Concept to Scout: Travail Kitchen and Amusements

There’s no kitchen, no set menu, no servers and no reservations at Travail. Patrons who line up to dine at the 54-seat restaurant in Robbinsdale, Minn., know to expect the unexpected. It begins with diners taking seats at communal tables fashioned from planks—a wacky setup for a place serving a 10-course tasting menu at $110-$130 for two people. A big helping of tableside antics comes along with the food; here, the cooks double as servers and entertainers.

Mike Brown, one of Travail’s chefs and co-owners who regularly dresses up as a chicken, got the idea of chef-driven service from his previous gig at Victory 44 in Minneapolis. “When we opened Travail, we didn’t have a lot of resources,” he says. “The cooks work 14-hour shifts and really know the menu. It made sense [financially and logistically] to have them serve it, too.”

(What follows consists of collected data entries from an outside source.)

lemma Km2_hall_lists_coloring_if_pair_vertex_missing:
  assumes k: "2 \<le> k" and W: "W \<subseteq> Km2_V m k"
    and j0: "0 < j0" "j0 < k" and i: "i < 2" "(j0, i) \<notin> W"
  shows "\<exists>\<psi>. cross_part_coloring W (Km2_hall_lists k) \<psi>"
proof -
  \<comment> \<open>maps the parts other than \<open>0\<close> and \<open>j0\<close> injectively into the colours \<open>{2..k-1}\<close>\<close>
  define shift where "shift j = (if j < j0 then j + 1 else j)" for j
  show ?thesis
  proof (cases "i = 0")
    case True
    let ?\<psi> = "\<lambda>v. if fst v = 0 then 1 else if fst v = j0 then k else shift (fst v)"
    have "cross_part_coloring W (Km2_hall_lists k) ?\<psi>"
      unfolding cross_part_coloring_def
    proof (intro conjI ballI impI)
      fix v assume v: "v \<in> W"
      then have "v \<noteq> (j0, 0)" using i True by auto
      then show "?\<psi> v \<in> Km2_hall_lists k v"
        using v W j0 k by (cases v) (auto simp: Km2_hall_lists_def shift_def)
    next
      fix u v assume "u \<in> W" "v \<in> W" "fst u \<noteq> fst v"
      then show "?\<psi> u \<noteq> ?\<psi> v" using W j0 k by (auto simp: shift_def)
    qed
    then show ?thesis by blast
  next
    case False
    let ?\<psi> = "\<lambda>v. if fst v = 0 then (if snd v = 0 then k else k + 1)
                   else if fst v = j0 then 1 else shift (fst v)"
    have "cross_part_coloring W (Km2_hall_lists k) ?\<psi>"
      unfolding cross_part_coloring_def
    proof (intro conjI ballI impI)
      fix v assume v: "v \<in> W"
      then have "v \<noteq> (j0, 1)" using i False by (cases i) auto
      then show "?\<psi> v \<in> Km2_hall_lists k v"
        using v W j0 k by (cases v) (auto simp: Km2_hall_lists_def shift_def)
    next
      fix u v assume "u \<in> W" "v \<in> W" "fst u \<noteq> fst v"
      then show "?\<psi> u \<noteq> ?\<psi> v" using W j0 k by (auto simp: shift_def)
    qed
    then show ?thesis by blast
  qed
qed

lemma Km2_hall_lists_coloring_if_part0_sparse:
  assumes k: "2 \<le> k" and W: "W \<subseteq> Km2_V m k"
    and part0: "(0, 0) \<notin> W \<or> (\<forall>i. 0 < i \<longrightarrow> (0, i) \<notin> W)"
  shows "\<exists>\<psi>. cross_part_coloring W (Km2_hall_lists k) \<psi>"
  using part0
proof
  assume "(0, 0) \<notin> W"
  let ?\<psi> = "\<lambda>v. if fst v = 0 then k + 1 else if fst v = 1 then (if snd v = 0 then 1 else k) else fst v"
  have "cross_part_coloring W (Km2_hall_lists k) ?\<psi>"
    unfolding cross_part_coloring_def
  proof (intro conjI ballI impI)
    fix v assume v: "v \<in> W"
    then have "v \<noteq> (0, 0)" using \<open>(0, 0) \<notin> W\<close> by auto
    then show "?\<psi> v \<in> Km2_hall_lists k v"
      using v W k by (cases v) (auto simp: Km2_hall_lists_def)
  next
    fix u v assume "u \<in> W" "v \<in> W" "fst u \<noteq> fst v"
    then show "?\<psi> u \<noteq> ?\<psi> v" using W k by auto
  qed
  then show ?thesis by blast
next
  assume none: "\<forall>i. 0 < i \<longrightarrow> (0, i) \<notin> W"
  let ?\<psi> = "\<lambda>v. if fst v = 0 then k else if fst v = 1 then (if snd v = 0 then 1 else k + 1) else fst v"
  have "cross_part_coloring W (Km2_hall_lists k) ?\<psi>"
    unfolding cross_part_coloring_def
  proof (intro conjI ballI impI)
    fix v assume v: "v \<in> W"
    then have "fst v = 0 \<Longrightarrow> snd v = 0" using none by (cases v) auto
    then show "?\<psi> v \<in> Km2_hall_lists k v"
      using v W k by (cases v) (auto simp: Km2_hall_lists_def)
  next
    fix u v assume "u \<in> W" "v \<in> W" "fst u \<noteq> fst v"
    then show "?\<psi> u \<noteq> ?\<psi> v" using W k by auto
  qed
  then show ?thesis by blast
qed

lemma independent_Km2_part:
  assumes "F \<subseteq> Km2_E m k" "\<forall>v\<in>S. fst v = j"
  shows "independent F S"
proof (rule independent_if_constant[where f = fst])
  show "\<forall>e\<in>F. card e = 2" using assms(1) simple_graph_Km2 by (auto simp: simple_graph_def)
  show "\<forall>u v. {u, v} \<in> F \<longrightarrow> fst u \<noteq> fst v"
    using assms(1) by (auto simp: Km2_E_iff simp del: mem_Km2_V)
qed (rule assms(2))

lemma card_Km2_subset_le:
  assumes W: "W \<subseteq> Km2_V m k"
  shows "card W \<le> card {v\<in>W. fst v = 0} + (k - 1) * 2"
proof -
  have fin: "finite W" using W finite_Km2_V finite_subset by blast
  have "W \<subseteq> {v\<in>W. fst v = 0} \<union> {1..<k} \<times> {..<2}"
  proof
    fix v assume "v \<in> W"
    moreover from this have "v \<in> Km2_V m k" using W by blast
    ultimately show "v \<in> {v\<in>W. fst v = 0} \<union> {1..<k} \<times> {..<2}" by (cases v) auto
  qed
  then have "card W \<le> card ({v\<in>W. fst v = 0} \<union> {1..<k} \<times> {..<2})"
    by (intro card_mono) (simp_all add: fin)
  also have "\<dots> \<le> card {v\<in>W. fst v = 0} + card ({1..<k} \<times> {..<2::nat})" by (rule card_Un_le)
  also have "\<dots> = card {v\<in>W. fst v = 0} + (k - 1) * 2" by (simp add: card_cartesian_product)
  finally show ?thesis .
qed

text \<open>If \<open>W\<close> meets part 0 in at least two vertices \<open>W\<^sub>0\<close>, each colour \<open>1, \<dots>, k-1\<close> alone contributes
  \<open>|W\<^sub>0|\<close> to the Hall sum and the colours \<open>k, k+1\<close> at least one each, while
  \<open>|W| \<le> |W\<^sub>0| + 2(k-1) \<le> (k-1)|W\<^sub>0| + 2\<close>.\<close>
lemma card_le_hall_sum_Km2_hall_lists_dense:
  assumes k: "2 \<le> k" and WF: "subgraph W F (Km2_V m k) (Km2_E m k)"
    and W: "(1, 1) \<in> W" "(0, 0) \<in> W" "(0, i) \<in> W" "0 < i"
  shows "card W \<le> hall_sum W F (Km2_hall_lists k)"
proof -
  let ?L = "Km2_hall_lists k"
  let ?W0 = "{v\<in>W. fst v = 0}"
  let ?\<alpha> = "\<lambda>\<sigma>. indep_num (col_verts W ?L \<sigma>) (col_edges W F ?L \<sigma>)"
  have WV: "W \<subseteq> Km2_V m k" and FE: "F \<subseteq> Km2_E m k" using WF by (auto simp: subgraph_def)
  have fin: "finite W" using WV finite_Km2_V finite_subset by blast
  have part_le_\<alpha>: "card S \<le> ?\<alpha> \<sigma>" if "S \<subseteq> col_verts W ?L \<sigma>" "\<forall>v\<in>S. fst v = j" for S \<sigma> j
    using that fin by (intro card_le_indep_num independent_col_edges independent_Km2_part[OF FE])
      (auto simp: col_verts_def)
  have card_W: "card W \<le> card ?W0 + (k - 1) * 2" using card_Km2_subset_le[OF WV] .
  have "card {(0::nat, 0::nat), (0, i)} \<le> card ?W0" using W fin by (intro card_mono) auto
  then have card_W0: "2 \<le> card ?W0" using W by simp
  have "(\<Sum>\<sigma>\<in>{1..k - 1}. card ?W0) \<le> (\<Sum>\<sigma>\<in>{1..k - 1}. ?\<alpha> \<sigma>)"
    by (intro sum_mono part_le_\<alpha>) (auto simp: col_verts_def Km2_hall_lists_def)
  then have low: "(k - 1) * card ?W0 \<le> (\<Sum>\<sigma>\<in>{1..k - 1}. ?\<alpha> \<sigma>)" by simp
  have one: "1 \<le> ?\<alpha> \<sigma>" if "\<sigma> \<in> {k, k + 1}" for \<sigma>
  proof -
    have "\<sigma> \<in> ?L (1, 1)" using that k by (auto simp: Km2_hall_lists_def)
    then have "{(1, 1)} \<subseteq> col_verts W ?L \<sigma>" using W(1) by (simp add: col_verts_def)
    then show ?thesis using part_le_\<alpha>[of "{(1, 1)}" \<sigma> 1] by simp
  qed
  have high: "2 \<le> (\<Sum>\<sigma>\<in>{k, k + 1}. ?\<alpha> \<sigma>)" using one[of k] one[of "k + 1"] by simp
  have "(\<Sum>\<sigma>\<in>{1..k - 1}. ?\<alpha> \<sigma>) + (\<Sum>\<sigma>\<in>{k, k + 1}. ?\<alpha> \<sigma>) \<le> hall_sum W F ?L"
  proof -
    have "{1..k - 1} \<union> {k, k + 1} \<subseteq> (\<Union>v\<in>W. ?L v)"
      using W k by (auto simp: Km2_hall_lists_def)
    moreover have "finite (\<Union>v\<in>W. ?L v)" using fin by (simp add: Km2_hall_lists_def)
    ultimately show ?thesis
      unfolding hall_sum_def by (subst sum.union_disjoint[symmetric]) (auto intro: sum_mono2)
  qed
  with low high have "(k - 1) * card ?W0 + 2 \<le> hall_sum W F ?L" by linarith
  moreover have "card ?W0 + (k - 1) * 2 \<le> (k - 1) * card ?W0 + 2"
  proof -
    have "(k - 2) * 2 \<le> (k - 2) * card ?W0" using card_W0 by simp
    moreover have "k - 1 = Suc (k - 2)" using k by simp
    ultimately show ?thesis by simp
  qed
  ultimately show ?thesis using card_W by linarith
qed

lemma hall_condition_Km2_hall_lists:
  assumes k: "2 \<le> k"
  shows "hall_condition (Km2_V m k) (Km2_E m k) (Km2_hall_lists k)"
  unfolding hall_condition_iff
proof (intro allI impI)
  fix W F assume WF: "subgraph W F (Km2_V m k) (Km2_E m k)"
  then have W: "W \<subseteq> Km2_V m k" by (simp add: subgraph_def)
  have fin: "\<forall>v\<in>W. finite (Km2_hall_lists k v)" by (simp add: Km2_hall_lists_def)
  consider (pair_vertex_missing) j i where "0 < j" "j < k" "i < 2" "(j, i) \<notin> W"
    | (part0_sparse) "(0, 0) \<notin> W \<or> (\<forall>i. 0 < i \<longrightarrow> (0, i) \<notin> W)"
    | (dense) i where "(1, 1) \<in> W" "(0, 0) \<in> W" "(0, i) \<in> W" "0 < i"
  proof (cases "\<forall>j i. 0 < j \<longrightarrow> j < k \<longrightarrow> i < 2 \<longrightarrow> (j, i) \<in> W")
    case True
    then have "(1, 1) \<in> W" using k by simp
    then show ?thesis using that(2,3) by blast
  qed (use that(1) in blast)
  then show "card W \<le> hall_sum W F (Km2_hall_lists k)"
  proof cases
    case pair_vertex_missing
    then show ?thesis
      using Km2_hall_lists_coloring_if_pair_vertex_missing[OF k W]
        card_le_hall_sum_if_cross_part_coloring[OF WF fin] by blast
  next
    case part0_sparse
    then show ?thesis
      using Km2_hall_lists_coloring_if_part0_sparse[OF k W]
        card_le_hall_sum_if_cross_part_coloring[OF WF fin] by blast
  next
    case dense
    then show ?thesis using card_le_hall_sum_Km2_hall_lists_dense[OF k WF] by blast
  qed
qed

lemma not_hall_choosable_Km2_below:
  assumes m: "2 \<le> m" and k: "2 \<le> k" and n: "n < k"
  shows "\<not> hall_choosable (Km2_V m k) (Km2_E m k) n"
proof
  assume "hall_choosable (Km2_V m k) (Km2_E m k) n"
  moreover have "list_assignment_ge (Km2_V m k) (Km2_hall_lists k) n"
    using n by (intro list_assignment_ge_mono[OF list_assignment_ge_Km2_hall_lists]) simp
  ultimately have "L_colorable (Km2_V m k) (Km2_E m k) (Km2_hall_lists k)"
    using hall_condition_Km2_hall_lists[OF k] by (simp add: hall_choosable_def)
  then show False using Km2_hall_lists_not_colorable[OF m k] by contradiction
qed

lemma hall_choosable_Km2_iff_choosable:
  assumes "2 \<le> m" "2 \<le> k"
  shows "hall_choosable (Km2_V m k) (Km2_E m k) n \<longleftrightarrow> choosable (Km2_V m k) (Km2_E m k) n"
proof (cases "k \<le> n")
  case True
  then show ?thesis
    using assms hall_choosable_Km2_imp_choosable choosable_imp_hall_choosable by auto
next
  case False
  then have "\<not> hall_choosable (Km2_V m k) (Km2_E m k) n"
    using assms by (intro not_hall_choosable_Km2_below) simp_all
  then show ?thesis using choosable_imp_hall_choosable by blast
qed

theorem corollary4:
  fixes m k :: nat
  assumes "m \<ge> 2" and "k \<ge> 2"
  shows "hall_number (Km2_V m k) (Km2_E m k) = choice_number (Km2_V m k) (Km2_E m k)"
proof -
  have "(0, 0) \<in> Km2_V m k" using assms by simp
  then have "\<not> choosable (Km2_V m k) (Km2_E m k) 0" by (intro not_choosable_0) blast
  then have "(0 < n \<and> hall_choosable (Km2_V m k) (Km2_E m k) n) \<longleftrightarrow>
      choosable (Km2_V m k) (Km2_E m k) n" for n
    using hall_choosable_Km2_iff_choosable[OF assms] by (cases n) auto
  then show ?thesis
    by (simp add: hall_number_eq_Least_hall_choosable choice_number_eq_Least_choosable)
qed

end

And the cooks really get into what Brown calls Travail’s “food journey.” Their stations are set up on the restaurant floor, forcing interaction. The cooking style is described in the local media as “molecular gastronomy meets Midwestern cuisine.” Every table gets the same menu—just not in the same order. One may start on gnocchi with octopus and chorizo, while guests at another are told to close their eyes while cooks pipe an amuse bouche on their hand. Halfway through dinner, the pasta course is marched out to the tune of, say, The Lone Ranger, with each cook flinging a different component into the dish.

Brown and his partners turned to Kickstarter to raise $10,000 to equip a new, larger space. They ended up with over $250,000 funded by fans, and reopened as two concepts under one roof early in 2014. On one side is Travail, on the other, 50-seat The Rookery—an unconventional gastropub serving “bite flights.”